Behind the Business Office is now a little lecture hall. That space was occupied by maybe 20 graduate students. It was called the ghetto. That one space had these little tiny cubicles put into it, and the individual space would be about as big as a table. Typically there were two of us to a cubicle, and the doors were decorated with all kinds of outrageous stuff; clippings and preprints and cartoons. All kinds of stuff—just what people were working on or were interested in, pictures of their motorcycle or their kids or whatever.
So that was the ghetto. That forged some solidarity among the graduate students, because you’re literally on top of each other. I moved from there to a little tiny closet that Mike Nolan and I shared.

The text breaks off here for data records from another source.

(* For all integers $k\geq 1$, $V(F_{2k})=V(F_{2k+1})=F_{2k-2}+1$.
   Context: Fibonacci numbers: $F_0=0$, $F_1=1$, $F_{m+2}=F_{m+1}+F_m$. Standard Fibonacci words: $f_{-1}=b$, $f_0=a$, $f_{m+1}=f_mf_{m-1}$. The Fibonacci word ${\bf f}=\lim f_m=abaababa\cdots$, with prefix of length $j$ denoted ${\bf f}(0..j]$. $V(N)$ is the number of factorizations of ${\bf f}(0..N]$ as $f_m^{k_m}\cdots f_0^{k_0}$ with all $k_i\geq 0$ (into standard words $f_i$, $i\geq0$, in non-strictly decreasing order of index), counted up to leading zero exponents; $V(0)=1$. *)

theory Defs
  imports Main "HOL-Number_Theory.Fib"
begin

datatype letter = La | Lb

text \<open>Standard Fibonacci words: fw i = f_i for i \<ge> 0, where f_{-1} = b, f_0 = a,
  f_{m+1} = f_m f_{m-1}.  Hence f_1 = ab and f_{i+2} = f_{i+1} f_i.\<close>
fun fw :: "nat \<Rightarrow> letter list" where
  "fw 0 = [La]"
| "fw (Suc 0) = [La, Lb]"
| "fw (Suc (Suc n)) = fw (Suc n) @ fw n"

text \<open>Prefix of length N of the infinite Fibonacci word (fw N has length F_{N+2} \<ge> N,
  and each fw n is a prefix of fw (n+1)).\<close>
definition fprefix :: "nat \<Rightarrow> letter list" where
  "fprefix N = take N (fw N)"

text \<open>The word f_m^{k_m} ... f_0^{k_0} for the exponent list ks = [k_0, ..., k_m].\<close>
definition fact_word :: "nat list \<Rightarrow> letter list" where
  "fact_word ks = concat (map (\<lambda>i. concat (replicate (ks ! i) (fw i))) (rev [0..<length ks]))"

text \<open>Factorizations counted up to leading zero exponents: normalize by requiring
  the highest-index exponent to be nonzero (the empty list is the empty factorization).\<close>
definition V :: "nat \<Rightarrow> nat" where
  "V N = card {ks. (ks = [] \<or> last ks \<noteq> 0) \<and> fact_word ks = fprefix N}"

end

theory Submission
  imports Defs
begin

(*
  The Fibonacci morphism phi (a -> ab, b -> a) maps f_i to f_(i+1), so
  f_m^(k_m) ... f_0^(k_0) = phi(f_(m-1)^(k_m) ... f_0^(k_1)) a^(k_0).  Hence the factorizations
  of a nonempty word w correspond to the decompositions w = phi(y) a^k together with a
  factorization of y; if w = phi(Y) a^K with Y not ending in b, these decompositions are
  exactly y = Y b^(K-k) for k <= K.  Writing f_(m+1) = c_m ab or c_m ba according to the
  parity of m, where c_0 is empty and c_(m+1) = phi(c_m) a, the numbers of factorizations of
  c_m, c_m a, c_m b, c_m ab and c_m ba therefore satisfy a linear recurrence in m, which is
  solved by Fibonacci numbers.  The prefix of length F_(m+2) of the Fibonacci word is f_m.
*)

fun fib_morph :: "letter list \<Rightarrow> letter list" where
  "fib_morph [] = []"
| "fib_morph (La # w) = La # Lb # fib_morph w"
| "fib_morph (Lb # w) = La # fib_morph w"

lemma fib_morph_append [simp]: "fib_morph (u @ v) = fib_morph u @ fib_morph v"
  by (induction u rule: fib_morph.induct) auto

lemma fib_morph_concat: "fib_morph (concat ws) = concat (map fib_morph ws)"
  by (induction ws) auto

lemma fib_morph_replicate_Lb [simp]: "fib_morph (replicate k Lb) = replicate k La"
  by (induction k) auto

lemma fib_morph_eq_Nil_iff [simp]: "fib_morph w = [] \<longleftrightarrow> w = []"
  by (cases w rule: fib_morph.cases) auto

lemma fib_morph_neq_Lb_Cons [simp]: "fib_morph v \<noteq> Lb # w"
  by (cases v rule: fib_morph.cases) auto

lemma inj_fib_morph: "inj fib_morph"
proof (rule injI)
  show "fib_morph u = fib_morph v \<Longrightarrow> u = v" for u v
    by (induction u arbitrary: v rule: fib_morph.induct)
      (auto elim: fib_morph.elims[OF sym])
qed

lemma fib_morph_neq_snoc_Lb_Lb: "fib_morph y \<noteq> u @ [Lb, Lb]"
proof (induction y rule: rev_induct)
  case (snoc x y)
  then show ?case
    by (cases x) (auto dest: arg_cong[of _ _ "\<lambda>w. take 2 (rev w)"])
qed simp

lemma length_fib_morph_ge: "length w \<le> length (fib_morph w)"
  by (induction w rule: fib_morph.induct) auto

lemma length_fib_morph_gt: "La \<in> set w \<Longrightarrow> length w < length (fib_morph w)"
  by (induction w rule: fib_morph.induct) (auto simp: length_fib_morph_ge less_Suc_eq_le)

It was no bigger than one of these little tiny cubicles, and we literally couldn’t swing a cat, but what was funny about it was we couldn’t both put our chairs back at the same time.
Mark Sykes
The graduate students back then lived in a ghetto behind the main office. There was an absorption tube that ran the length of the building at the time that Uwe Fink would do experiments with, measuring absorption lines of gases. They’d put gases in there and bounce light back and forth over a huge path length, and then see how much of it was absorbed in different wavelengths.
This tube ran right through the graduate student ghetto, so those of us who had an office on the outside wall of the building would have the tube going through it, like a shelf in our office. I put up curtains and a bed, and it was pretty cool.

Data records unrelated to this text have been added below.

theorem theorem7p1:
  fixes \<gamma> c :: real and a b :: "real \<Rightarrow> real"
  assumes "\<gamma> > 0" and "DRIS \<gamma> c a b"
  shows "good_class a b \<and> DRBGC c a b"
proof -
  have DRI: "DRI c a b" using assms(2) unfolding DRIS_def by blast
  interpret DR_system c a b by unfold_locales (rule DRI[unfolded DRI_def, THEN conjunct1])
  obtain k n where "k > 0" "n \<ge> 1" "\<forall>x\<in>{0..1}. k * x ^ n \<le> x - a x"
    using DRIS_power_contact[OF assms(2)] by blast
  then have "good_class a b"
    unfolding good_class_def
    using abscissa_J_less_1 limsup_eta_less_1 gblk_bounded_distortion by blast
  with DRI show ?thesis unfolding DRBGC_def by blast
qed

end
(* For $a\in\{1,\dots,n\}$ let $z_a = q\omega_a - (q-1)\psi_a\psi_a^*\omega_a^{k+1}\in\mathrm{Cl}_q(n,k)$. Then each $z_a$ is central in $\mathrm{Cl}_q(n,k)$, and for every positive integer $r$, \[ z_a^r = q^r\omega_a^r - (q^r-1)\psi_a\psi_a^*\omega_a^{k+r}. \] In particular $z_a^k=\psi_a\psi_a^*+\psi_a^*\psi_a$, so $z_a^{2k}=1$.
   Context: Let $\mathbb{k}$ be a field of characteristic different from $2$, let $q\in\mathbb{k}^\times$, and let $n,k$ be positive integers. The quantum Clifford algebra $\mathrm{Cl}_q(n,k)$ is the unital associative $\mathbb{k}$-algebra generated by $\psi_a,\psi_a^*,\omega_a,\omega_a^{-1}$ for $a\in\{1,\dots,n\}$, subject to the relations (for all $a,b\in\{1,\dots,n\}$): $\omega_a\omega_b=\omega_b\omega_a$; $\omega_a\omega_a^{-1}=1$; $\omega_a\psi_b=q^{\delta_{ab}}\psi_b\omega_a$; $\omega_a\psi_b^*=q^{-\delta_{ab}}\psi_b^*\omega_a$; $\psi_a\psi_b+\psi_b\psi_a=0$; $\psi_a^*\psi_b^*+\psi_b^*\psi_a^*=0$; $\psi_a\psi_a^*+q^k\psi_a^*\psi_a=\omega_a^{-k}$; $\psi_a\psi_a^*+q^{-k}\psi_a^*\psi_a=\omega_a^{k}$; and $\psi_a\psi_b^*+\psi_b^*\psi_a=0$ if $a\neq b$. *)

theory Defs
  imports Main
begin

text \<open>A unital associative k-algebra is modelled as a ring A (type 'a) together with a
unital ring homomorphism iota from the field k into the centre of A.
The data (iota, psi, psis, om, omi) satisfy the defining relations of Cl_q(n,k);
psis a stands for psi_a^*, om a for omega_a and omi a for omega_a^{-1}.\<close>

definition is_k_algebra_map :: "('k::field \<Rightarrow> 'a::ring_1) \<Rightarrow> bool" where
  "is_k_algebra_map \<iota> \<longleftrightarrow>
     \<iota> 1 = 1 \<and> (\<forall>c d. \<iota> (c + d) = \<iota> c + \<iota> d) \<and> (\<forall>c d. \<iota> (c * d) = \<iota> c * \<iota> d) \<and>
     (\<forall>c x. \<iota> c * x = x * \<iota> c)"

definition Cl_relations ::
  "('k::field \<Rightarrow> 'a::ring_1) \<Rightarrow> 'k \<Rightarrow> nat \<Rightarrow> nat \<Rightarrow>
   (nat \<Rightarrow> 'a) \<Rightarrow> (nat \<Rightarrow> 'a) \<Rightarrow> (nat \<Rightarrow> 'a) \<Rightarrow> (nat \<Rightarrow> 'a) \<Rightarrow> bool" where
  "Cl_relations \<iota> q n k psi psis om omi \<longleftrightarrow>
    (\<forall>a\<in>{1..n}. \<forall>b\<in>{1..n}.
       om a * om b = om b * om a \<and>
       om a * omi a = 1 \<and> omi a * om a = 1 \<and>
       om a * psi b = \<iota> (if a = b then q else 1) * psi b * om a \<and>
       om a * psis b = \<iota> (if a = b then inverse q else 1) * psis b * om a \<and>
       psi a * psi b + psi b * psi a = 0 \<and>
       psis a * psis b + psis b * psis a = 0 \<and>
       psi a * psis a + \<iota> (q ^ k) * psis a * psi a = omi a ^ k \<and>
       psi a * psis a + \<iota> (inverse q ^ k) * psis a * psi a = om a ^ k \<and>
       (a \<noteq> b \<longrightarrow> psi a * psis b + psis b * psi a = 0))"

text \<open>The subalgebra generated by the scalars and the generators (the image of Cl_q(n,k)).\<close>
inductive_set Cl_gen ::
  "('k \<Rightarrow> 'a::ring_1) \<Rightarrow> nat \<Rightarrow> (nat \<Rightarrow> 'a) \<Rightarrow> (nat \<Rightarrow> 'a) \<Rightarrow> (nat \<Rightarrow> 'a) \<Rightarrow> (nat \<Rightarrow> 'a) \<Rightarrow> 'a set"
  for \<iota> n psi psis om omi where
  scal: "\<iota> c \<in> Cl_gen \<iota> n psi psis om omi"
| gpsi: "a \<in> {1..n} \<Longrightarrow> psi a \<in> Cl_gen \<iota> n psi psis om omi"
| gpsis: "a \<in> {1..n} \<Longrightarrow> psis a \<in> Cl_gen \<iota> n psi psis om omi"
| gom: "a \<in> {1..n} \<Longrightarrow> om a \<in> Cl_gen \<iota> n psi psis om omi"
| gomi: "a \<in> {1..n} \<Longrightarrow> omi a \<in> Cl_gen \<iota> n psi psis om omi"
| add: "x \<in> Cl_gen \<iota> n psi psis om omi \<Longrightarrow> y \<in> Cl_gen \<iota> n psi psis om omi \<Longrightarrow> x + y \<in> Cl_gen \<iota> n psi psis om omi"
| mult: "x \<in> Cl_gen \<iota> n psi psis om omi \<Longrightarrow> y \<in> Cl_gen \<iota> n psi psis om omi \<Longrightarrow> x * y \<in> Cl_gen \<iota> n psi psis om omi"

end

theory Submission
  imports Defs
begin

(* Fix the index a and write w, p, s for omega_a, psi_a, psi_a^*.  The relations give
   p s p s = p s w^-k = p s w^k, so E = p s w^k is an idempotent commuting with w, and
   z_a = w (q (1 - E) + E).  Hence z_a^r = w^r (q^r (1 - E) + E), which is the power formula.
   Since E p = p, p E = 0, E s = 0 and s E = s, the element z_a commutes with p and s;
   generators of index b ~= a commute with w and with p s, hence with z_a.  For r = k the
   power formula collapses to z_a^k = p s + s p, whose square is
   (p s + q^-k s p) (p s + q^k s p) = w^k w^-k = 1. *)

lemma power_mult_commuting:
  fixes a b :: "'a::monoid_mult"
  assumes "a * b = b * a"
  shows "(a * b) ^ n = a ^ n * b ^ n"
proof (induction n)
  case (Suc n)
  have "b ^ n * a = a * b ^ n"
    using power_commuting_commutes[of b a n] assms by simp
  then have "a ^ n * b ^ n * (a * b) = a ^ n * a * (b ^ n * b)"
    by (metis mult.assoc)
  with Suc show ?case by (simp only: power_Suc2)
qed simp

lemma power_skew_commute:
  fixes a b e :: "'a::monoid_mult"
  assumes "a * b = e * b * a" and "\<And>x. e * x = x * e"
  shows "a ^ n * b = e ^ n * b * a ^ n"
proof (induction n)
  case (Suc n)
  have "e ^ n * a = a * e ^ n"
    using power_commuting_commutes[of e a n] assms(2) by simp
  have "a ^ Suc n * b = a * e ^ n * b * a ^ n"
    using Suc by (simp add: mult.assoc)
  also have "\<dots> = e ^ n * (a * b) * a ^ n"
    using \<open>e ^ n * a = a * e ^ n\<close> by (metis mult.assoc)
  also have "\<dots> = e ^ Suc n * b * a ^ Suc n"
    by (simp only: assms(1) power_Suc2[of e] power_Suc[of a] mult.assoc)
  finally show ?case .
qed simp

lemma power_idempotent_combination:
  fixes x y E :: "'a::ring_1"
  assumes "E * E = E" and "\<And>u. x * u = u * x" and "\<And>u. y * u = u * y"
  shows "(x * (1 - E) + y * E) ^ n = x ^ n * (1 - E) + y ^ n * E"
proof (induction n)
  case (Suc n)
  let ?G = "x * (1 - E) + y * E"
  have GF: "?G * (1 - E) = x * (1 - E)" and GE: "?G * E = y * E"
    using assms(1) by (simp_all add: algebra_simps)
  have "?G * x ^ n = x ^ n * ?G" and "?G * y ^ n = y ^ n * ?G"
    using power_commuting_commutes assms(2,3) by metis+
  then have "?G ^ Suc n = x ^ n * (?G * (1 - E)) + y ^ n * (?G * E)"
    using Suc by (simp only: power_Suc distrib_left flip: mult.assoc)
  also have "\<dots> = x ^ Suc n * (1 - E) + y ^ Suc n * E"
    by (simp add: GF GE power_commutes flip: mult.assoc)
  finally show ?case .
qed simp

lemma commute_inverse:
  fixes y u u' :: "'a::monoid_mult"
  assumes "y * u = u * y" and "u * u' = 1" and "u' * u = 1"
  shows "y * u' = u' * y"
proof -
  have "y * u' = u' * u * y * u'" by (simp add: assms(3))
  also have "\<dots> = u' * y * (u * u')" by (metis assms(1) mult.assoc)
  finally show ?thesis by (simp add: assms(2))
qed

lemma commute_mult_if_anticommute:
  fixes x y y' :: "'a::ring_1"
  assumes "x * y = - (y * x)" and "x * y' = - (y' * x)"
  shows "x * (y * y') = y * y' * x"
proof -
  have "x * (y * y') = - (y * (x * y'))" by (simp add: assms(1) flip: mult.assoc)
  also have "\<dots> = y * y' * x" by (simp add: assms(2) mult.assoc)
  finally show ?thesis .
qed

(* One mode of Cl_q(n,k): c and d stand for the central scalars q and q^-1, w and v for
   omega_a and omega_a^-1, p and s for psi_a and psi_a^*. *)

locale clifford_mode =
  fixes c d w v p s z :: "'a::ring_1" and k :: nat
  assumes c_central: "\<And>x. c * x = x * c" and d_central: "\<And>x. d * x = x * d"
    and c_d: "c * d = 1" and w_v: "w * v = 1" and v_w: "v * w = 1"
    and w_p: "w * p = c * p * w" and w_s: "w * s = d * s * w"
    and p_p: "p * p = 0" and s_s: "s * s = 0"
    and p_s_v: "p * s + c ^ k * s * p = v ^ k" and p_s_w: "p * s + d ^ k * s * p = w ^ k"
    and z_eq: "z = c * w - (c - 1) * p * s * w ^ (k + 1)"
begin

lemma c_pow_central: "c ^ m * x = x * c ^ m"
  using power_commuting_commutes c_central by metis

lemma d_pow_central: "d ^ m * x = x * d ^ m"
  using power_commuting_commutes d_central by metis

lemma d_c: "d * c = 1"
  using c_d c_central by metis

lemma p_p_left: "p * (p * x) = 0"
  by (simp add: p_p flip: mult.assoc)

lemma s_s_left: "s * (s * x) = 0"
  by (simp add: s_s flip: mult.assoc)

lemma w_pow_p: "w ^ m * p = c ^ m * p * w ^ m"
  using power_skew_commute w_p c_central .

We were a pretty close-knit bunch back then. When I came in they were also something of an older group. As a consequence we didn’t respect authority a whole lot. We gave the poor faculty a bit of a hard time through our tenure.
That was also the era of magic keys, where all the graduate students would file keys down so you could open all the doors in the building. It was kind of a rite of passage. Everybody would always deny it.
Nicholas Schneider
One of the fun projects that I was involved in, and contributed to the delay of my graduation, was we build a prototype Mars rover called the Mars Ball. There was an idea that a French scientist had had about how to make a rover that had squishy wheels. Each sector of a wheel could be inflated and deflated, and if you had a flat part of the wheel on the bottom you could sort of fall forwards by deflating one sector and then raise up in back by moving the air there. It sounded like a really cool approach to roving on Mars, where something could be big and dumb; just roll over these obstacles.

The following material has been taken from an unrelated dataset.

(* Let $q\ge 4$ be a power of $2$. Then there exist a linear AOA$(1,q-1,q+2,q)$ and a linear AOA$(3,q-1,q+2,q)$.
   Context: An orthogonal array OA$(t,k,v)$ (with $1\le t\le k$) is a $v^t\times k$ array with entries from a set $X$ of size $v$ such that, for every choice of $t$ of its columns, each $t$-tuple in $X^t$ appears exactly once as a row of the corresponding $v^t\times t$ subarray. For integers $1\le s\le t\le k$, an augmented orthogonal array AOA$(s,t,k,v)$ is a $v^t\times(k+1)$ array $A$ such that: (1) the first $k$ columns of $A$ form an OA$(t,k,v)$ on a symbol set $X$ of size $v$; (2) the last column of $A$ has entries from a set $Y$ of size $v^{t-s}$; (3) for any choice of $s$ of the first $k$ columns, these $s$ columns together with the last column contain every $(s+1)$-tuple of $X^s\times Y$ exactly once as a row. For a prime power $q$, an AOA$(s,t,k,q)$ is linear if $X=\mathbb{F}_q$, $Y=\mathbb{F}_q^{t-s}$, and its set of rows, regarded as vectors in $\mathbb{F}_q^{k}\times\mathbb{F}_q^{t-s}=\mathbb{F}_q^{k+t-s}$, is an $\mathbb{F}_q$-linear subspace. (When $q=4$, the second array is an AOA$(3,3,6,4)$, i.e. the case $s=t$.) *)

theory Defs
  imports Main
begin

We built the prototype of this. At one point we thought it was going to be 16 feet tall. That slid over sideways, so we made it six or eight feet tall. It was a very challenging project: We were there with sewing machines, sewing bags, and buying blowers. We got a NASA grant for it. In the end we were able to show that this device would work. We took it to a Mars conference in Washington D.C. where it rolled around and climbed over obstacles.
But the idea was hinged on the idea that you wanted to send something to Mars that was big and dumb. The lesson that I’ve adhered to ever since then is never bet against the computer, because small and smart has turned out, as you can tell from the current rovers, to be the way to go. But it was a fun project. Most of the students were involved and had different roles. I did the computers; other people did the blowers or the fabric of the wheels. It was fun to do something that was so different from the other work.
John Spencer
Other things that started in my tenure were Jay Melosh’s field geology trips. I have very good memories of the first of those, where we went up to the Flagstaff area and got to hike down into Meteor Crater. I remember seeing impact melt, real impact melt, there on the crater wall and being very excited about that. That was in the spring of ’85. I guess those have continued since then. So that was a fine tradition to get going.
We had star parties sometimes. There were a lot of people who were interested in astronomy on an amateur level as well as on a professional level, and we’d borrow the Celestron 14”s that we used for occultation work, and we’d take them up to Mt. Hopkins and camp out overnight and see the sights of the sky out there. That was another highlight.
There was the Friday evenings at the Big A. I don’t know if the Big A is still there, but that was a little bar up on Speedway and Campbell where Brad Smith and Mike Drake and whatever grad students felt like going along would spend the last couple hours of the day, every Friday evening there. That was a nice start to our Friday evening socializing.